Saved entries:
((

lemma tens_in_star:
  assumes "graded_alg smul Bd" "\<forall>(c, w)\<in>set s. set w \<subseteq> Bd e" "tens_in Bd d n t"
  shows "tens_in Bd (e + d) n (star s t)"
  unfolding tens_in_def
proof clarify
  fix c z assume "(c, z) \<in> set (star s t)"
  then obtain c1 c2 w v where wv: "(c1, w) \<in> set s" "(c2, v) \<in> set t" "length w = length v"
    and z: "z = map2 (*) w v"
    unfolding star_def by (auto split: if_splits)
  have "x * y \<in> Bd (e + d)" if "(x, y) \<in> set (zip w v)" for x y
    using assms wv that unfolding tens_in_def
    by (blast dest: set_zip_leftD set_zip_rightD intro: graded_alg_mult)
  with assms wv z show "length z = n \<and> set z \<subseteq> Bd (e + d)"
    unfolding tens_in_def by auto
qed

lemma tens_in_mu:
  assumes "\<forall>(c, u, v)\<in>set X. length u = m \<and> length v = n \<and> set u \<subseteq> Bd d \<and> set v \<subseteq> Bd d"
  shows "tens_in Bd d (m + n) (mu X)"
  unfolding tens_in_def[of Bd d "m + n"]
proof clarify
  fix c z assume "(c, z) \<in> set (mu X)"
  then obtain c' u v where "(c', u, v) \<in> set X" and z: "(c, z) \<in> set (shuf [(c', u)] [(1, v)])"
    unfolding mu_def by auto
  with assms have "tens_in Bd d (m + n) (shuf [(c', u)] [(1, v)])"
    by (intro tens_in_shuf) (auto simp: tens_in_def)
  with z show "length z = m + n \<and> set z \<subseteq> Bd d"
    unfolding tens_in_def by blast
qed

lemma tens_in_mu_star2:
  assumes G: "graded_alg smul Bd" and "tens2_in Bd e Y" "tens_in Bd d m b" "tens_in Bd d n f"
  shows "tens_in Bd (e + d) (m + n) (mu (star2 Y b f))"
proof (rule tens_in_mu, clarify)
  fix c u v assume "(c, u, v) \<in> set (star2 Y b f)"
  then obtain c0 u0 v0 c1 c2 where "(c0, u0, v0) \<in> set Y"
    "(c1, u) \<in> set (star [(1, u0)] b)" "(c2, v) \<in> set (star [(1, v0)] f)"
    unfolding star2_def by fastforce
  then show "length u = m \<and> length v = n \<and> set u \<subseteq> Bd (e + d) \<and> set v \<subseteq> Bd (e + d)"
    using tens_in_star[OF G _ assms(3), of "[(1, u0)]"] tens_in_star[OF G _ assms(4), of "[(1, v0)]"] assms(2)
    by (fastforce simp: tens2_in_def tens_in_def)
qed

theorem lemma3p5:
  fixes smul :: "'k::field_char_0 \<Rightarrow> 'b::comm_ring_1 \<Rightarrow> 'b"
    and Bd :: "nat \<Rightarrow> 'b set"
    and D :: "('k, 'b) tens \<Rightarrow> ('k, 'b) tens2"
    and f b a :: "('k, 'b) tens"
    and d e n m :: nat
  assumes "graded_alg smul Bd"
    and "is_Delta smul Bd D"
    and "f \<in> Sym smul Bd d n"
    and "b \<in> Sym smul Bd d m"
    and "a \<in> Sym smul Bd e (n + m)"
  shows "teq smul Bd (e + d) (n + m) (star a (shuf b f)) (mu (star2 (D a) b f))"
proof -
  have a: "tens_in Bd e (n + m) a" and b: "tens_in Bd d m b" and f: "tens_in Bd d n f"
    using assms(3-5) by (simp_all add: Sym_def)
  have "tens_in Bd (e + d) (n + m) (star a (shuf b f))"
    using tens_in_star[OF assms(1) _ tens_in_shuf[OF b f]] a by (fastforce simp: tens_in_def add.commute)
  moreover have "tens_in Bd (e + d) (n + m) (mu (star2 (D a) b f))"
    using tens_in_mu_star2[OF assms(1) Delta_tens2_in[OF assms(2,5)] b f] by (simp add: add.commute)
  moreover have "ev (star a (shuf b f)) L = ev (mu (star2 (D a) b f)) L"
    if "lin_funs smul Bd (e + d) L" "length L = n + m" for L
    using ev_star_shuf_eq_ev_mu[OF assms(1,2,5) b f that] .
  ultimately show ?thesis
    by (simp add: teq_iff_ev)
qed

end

))
((

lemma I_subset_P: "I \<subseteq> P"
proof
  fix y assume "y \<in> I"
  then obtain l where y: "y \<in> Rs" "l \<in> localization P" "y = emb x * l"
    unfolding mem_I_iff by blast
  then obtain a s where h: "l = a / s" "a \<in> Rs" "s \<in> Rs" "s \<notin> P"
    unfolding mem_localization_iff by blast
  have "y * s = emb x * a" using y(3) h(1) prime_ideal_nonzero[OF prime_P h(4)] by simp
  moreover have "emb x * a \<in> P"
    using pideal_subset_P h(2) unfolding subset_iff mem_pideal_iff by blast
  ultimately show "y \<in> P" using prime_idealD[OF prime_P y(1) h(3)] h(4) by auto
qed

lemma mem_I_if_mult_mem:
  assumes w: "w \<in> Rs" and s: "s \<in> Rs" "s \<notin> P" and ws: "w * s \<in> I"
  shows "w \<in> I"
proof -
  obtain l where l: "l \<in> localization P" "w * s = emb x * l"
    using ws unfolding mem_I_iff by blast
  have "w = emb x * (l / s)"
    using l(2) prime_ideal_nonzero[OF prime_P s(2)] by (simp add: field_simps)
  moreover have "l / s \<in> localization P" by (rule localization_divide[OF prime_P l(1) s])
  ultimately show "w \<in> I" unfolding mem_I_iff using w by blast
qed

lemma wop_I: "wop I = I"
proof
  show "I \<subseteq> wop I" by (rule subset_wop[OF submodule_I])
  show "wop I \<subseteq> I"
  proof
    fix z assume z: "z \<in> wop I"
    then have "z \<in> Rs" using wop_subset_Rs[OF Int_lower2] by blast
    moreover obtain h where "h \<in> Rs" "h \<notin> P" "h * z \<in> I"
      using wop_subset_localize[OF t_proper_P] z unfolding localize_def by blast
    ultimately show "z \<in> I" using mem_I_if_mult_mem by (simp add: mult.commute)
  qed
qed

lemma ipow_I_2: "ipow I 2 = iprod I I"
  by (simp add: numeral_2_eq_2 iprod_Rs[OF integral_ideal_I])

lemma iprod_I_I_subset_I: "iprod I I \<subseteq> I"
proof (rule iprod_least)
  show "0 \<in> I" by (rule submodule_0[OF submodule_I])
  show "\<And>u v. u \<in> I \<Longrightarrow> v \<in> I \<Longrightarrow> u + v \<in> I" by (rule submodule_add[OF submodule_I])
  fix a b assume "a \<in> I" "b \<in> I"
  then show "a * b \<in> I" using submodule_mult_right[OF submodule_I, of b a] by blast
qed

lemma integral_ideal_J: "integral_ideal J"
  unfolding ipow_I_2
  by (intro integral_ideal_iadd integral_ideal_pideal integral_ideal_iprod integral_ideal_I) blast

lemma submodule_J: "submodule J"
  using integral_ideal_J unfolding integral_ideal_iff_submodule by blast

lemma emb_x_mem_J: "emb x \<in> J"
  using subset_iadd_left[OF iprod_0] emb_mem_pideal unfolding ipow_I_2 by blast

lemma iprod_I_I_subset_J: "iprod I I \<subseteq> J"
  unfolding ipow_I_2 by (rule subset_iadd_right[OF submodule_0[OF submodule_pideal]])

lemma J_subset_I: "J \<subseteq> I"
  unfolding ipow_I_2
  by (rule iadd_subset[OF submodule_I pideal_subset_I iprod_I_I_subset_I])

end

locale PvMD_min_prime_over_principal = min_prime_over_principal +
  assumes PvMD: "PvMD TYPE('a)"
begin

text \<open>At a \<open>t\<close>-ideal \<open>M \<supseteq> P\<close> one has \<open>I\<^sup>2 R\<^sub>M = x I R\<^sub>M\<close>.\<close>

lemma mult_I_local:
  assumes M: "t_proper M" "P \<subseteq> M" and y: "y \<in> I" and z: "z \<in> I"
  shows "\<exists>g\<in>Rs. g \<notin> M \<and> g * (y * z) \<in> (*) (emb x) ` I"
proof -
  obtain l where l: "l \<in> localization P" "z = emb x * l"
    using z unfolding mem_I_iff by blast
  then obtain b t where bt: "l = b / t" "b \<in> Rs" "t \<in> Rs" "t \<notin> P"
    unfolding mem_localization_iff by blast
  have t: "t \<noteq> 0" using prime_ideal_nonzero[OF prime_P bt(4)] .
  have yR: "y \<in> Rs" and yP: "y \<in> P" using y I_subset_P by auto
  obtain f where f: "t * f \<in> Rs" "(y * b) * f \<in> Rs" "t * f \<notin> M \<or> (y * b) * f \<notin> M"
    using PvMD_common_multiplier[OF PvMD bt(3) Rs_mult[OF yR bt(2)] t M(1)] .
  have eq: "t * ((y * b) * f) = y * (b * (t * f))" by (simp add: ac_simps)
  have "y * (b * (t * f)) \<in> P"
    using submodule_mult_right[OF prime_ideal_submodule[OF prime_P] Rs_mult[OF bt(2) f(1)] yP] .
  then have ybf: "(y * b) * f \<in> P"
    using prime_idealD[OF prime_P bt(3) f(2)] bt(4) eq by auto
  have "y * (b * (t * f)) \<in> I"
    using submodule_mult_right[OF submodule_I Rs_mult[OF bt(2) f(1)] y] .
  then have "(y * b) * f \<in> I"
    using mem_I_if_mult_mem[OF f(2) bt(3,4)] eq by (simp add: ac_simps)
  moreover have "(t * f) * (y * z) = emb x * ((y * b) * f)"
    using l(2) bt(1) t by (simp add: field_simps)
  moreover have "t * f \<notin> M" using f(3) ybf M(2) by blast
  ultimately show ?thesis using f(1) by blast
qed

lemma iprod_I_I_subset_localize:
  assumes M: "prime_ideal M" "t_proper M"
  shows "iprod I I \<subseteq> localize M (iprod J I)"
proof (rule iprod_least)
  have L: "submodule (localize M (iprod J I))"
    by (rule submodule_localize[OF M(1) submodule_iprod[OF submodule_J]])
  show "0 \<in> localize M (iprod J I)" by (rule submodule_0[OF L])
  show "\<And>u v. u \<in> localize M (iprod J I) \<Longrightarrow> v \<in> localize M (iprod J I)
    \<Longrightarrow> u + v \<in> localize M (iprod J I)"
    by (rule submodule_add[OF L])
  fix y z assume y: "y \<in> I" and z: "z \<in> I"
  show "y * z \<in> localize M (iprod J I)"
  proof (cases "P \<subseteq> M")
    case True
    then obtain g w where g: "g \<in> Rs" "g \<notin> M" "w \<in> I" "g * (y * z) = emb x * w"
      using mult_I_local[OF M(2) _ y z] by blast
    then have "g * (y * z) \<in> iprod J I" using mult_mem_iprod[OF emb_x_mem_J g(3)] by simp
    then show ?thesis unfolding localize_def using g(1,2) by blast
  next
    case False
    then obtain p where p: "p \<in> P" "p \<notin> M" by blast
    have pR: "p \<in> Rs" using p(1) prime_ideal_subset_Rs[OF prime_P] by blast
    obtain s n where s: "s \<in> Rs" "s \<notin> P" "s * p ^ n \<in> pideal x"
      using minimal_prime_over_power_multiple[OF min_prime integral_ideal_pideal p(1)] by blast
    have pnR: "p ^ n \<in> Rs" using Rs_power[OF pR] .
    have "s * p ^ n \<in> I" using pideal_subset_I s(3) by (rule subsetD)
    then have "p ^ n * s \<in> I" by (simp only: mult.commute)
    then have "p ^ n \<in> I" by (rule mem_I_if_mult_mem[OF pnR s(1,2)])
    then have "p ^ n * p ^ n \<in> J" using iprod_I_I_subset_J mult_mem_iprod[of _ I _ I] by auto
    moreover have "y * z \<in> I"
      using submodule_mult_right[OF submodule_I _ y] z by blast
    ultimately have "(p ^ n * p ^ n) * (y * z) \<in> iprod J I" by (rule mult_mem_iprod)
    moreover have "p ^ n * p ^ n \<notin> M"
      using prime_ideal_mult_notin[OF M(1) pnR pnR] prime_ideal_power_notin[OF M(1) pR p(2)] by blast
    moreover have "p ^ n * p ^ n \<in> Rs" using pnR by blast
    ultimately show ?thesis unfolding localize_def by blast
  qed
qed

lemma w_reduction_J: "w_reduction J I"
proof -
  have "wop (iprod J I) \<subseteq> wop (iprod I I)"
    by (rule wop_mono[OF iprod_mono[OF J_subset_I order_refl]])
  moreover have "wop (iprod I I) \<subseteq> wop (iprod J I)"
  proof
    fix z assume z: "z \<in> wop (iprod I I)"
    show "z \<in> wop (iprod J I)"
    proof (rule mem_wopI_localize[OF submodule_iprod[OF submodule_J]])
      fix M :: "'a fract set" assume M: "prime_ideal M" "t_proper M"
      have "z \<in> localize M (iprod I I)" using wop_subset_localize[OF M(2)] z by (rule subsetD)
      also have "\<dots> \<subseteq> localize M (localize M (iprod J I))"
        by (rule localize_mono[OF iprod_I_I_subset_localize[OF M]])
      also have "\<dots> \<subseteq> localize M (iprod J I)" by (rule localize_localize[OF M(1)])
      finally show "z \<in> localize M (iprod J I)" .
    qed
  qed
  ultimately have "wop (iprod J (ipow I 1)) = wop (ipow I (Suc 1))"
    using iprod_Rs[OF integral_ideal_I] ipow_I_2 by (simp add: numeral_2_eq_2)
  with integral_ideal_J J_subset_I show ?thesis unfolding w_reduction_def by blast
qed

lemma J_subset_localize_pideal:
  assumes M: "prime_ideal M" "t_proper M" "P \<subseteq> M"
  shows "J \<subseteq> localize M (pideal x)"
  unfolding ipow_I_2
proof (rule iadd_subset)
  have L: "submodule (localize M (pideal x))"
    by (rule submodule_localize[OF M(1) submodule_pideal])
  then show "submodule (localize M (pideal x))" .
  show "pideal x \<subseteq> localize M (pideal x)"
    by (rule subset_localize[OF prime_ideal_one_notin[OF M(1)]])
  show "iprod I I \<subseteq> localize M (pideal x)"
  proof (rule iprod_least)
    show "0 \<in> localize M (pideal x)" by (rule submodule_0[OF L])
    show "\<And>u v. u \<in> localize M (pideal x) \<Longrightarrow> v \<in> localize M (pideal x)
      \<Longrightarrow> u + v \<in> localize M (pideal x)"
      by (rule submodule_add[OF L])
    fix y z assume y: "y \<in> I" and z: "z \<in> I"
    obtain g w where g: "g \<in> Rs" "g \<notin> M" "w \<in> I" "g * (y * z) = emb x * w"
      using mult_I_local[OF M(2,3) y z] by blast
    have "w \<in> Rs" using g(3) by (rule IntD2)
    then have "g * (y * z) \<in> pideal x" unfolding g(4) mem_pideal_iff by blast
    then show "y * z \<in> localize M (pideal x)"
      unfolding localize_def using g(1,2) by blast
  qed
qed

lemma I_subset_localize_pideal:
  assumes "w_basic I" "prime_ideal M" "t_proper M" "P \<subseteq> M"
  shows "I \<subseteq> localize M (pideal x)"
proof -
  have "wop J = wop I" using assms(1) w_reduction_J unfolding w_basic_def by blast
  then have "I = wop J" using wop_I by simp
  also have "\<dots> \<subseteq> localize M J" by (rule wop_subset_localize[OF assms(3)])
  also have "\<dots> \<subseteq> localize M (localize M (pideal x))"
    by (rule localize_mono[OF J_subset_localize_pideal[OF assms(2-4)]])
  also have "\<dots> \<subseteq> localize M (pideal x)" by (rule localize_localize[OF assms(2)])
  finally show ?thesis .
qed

))

▶ **EXERCISE DESCRIPTION**: Print, without alteration, only the lines above between the one holding "(simp only: mult.commute)" and the one holding "by (rule mult_mem_iprod)", inclusive.

▶ **WRITTEN RESPONSE**:
    then have "p ^ n * s \<in> I" by (simp only: mult.commute)
    then have "p ^ n \<in> I" by (rule mem_I_if_mult_mem[OF pnR s(1,2)])
    then have "p ^ n * p ^ n \<in> J" using iprod_I_I_subset_J mult_mem_iprod[of _ I _ I] by auto
    moreover have "y * z \<in> I"
      using submodule_mult_right[OF submodule_I _ y] z by blast
    ultimately have "(p ^ n * p ^ n) * (y * z) \<in> iprod J I" by (rule mult_mem_iprod)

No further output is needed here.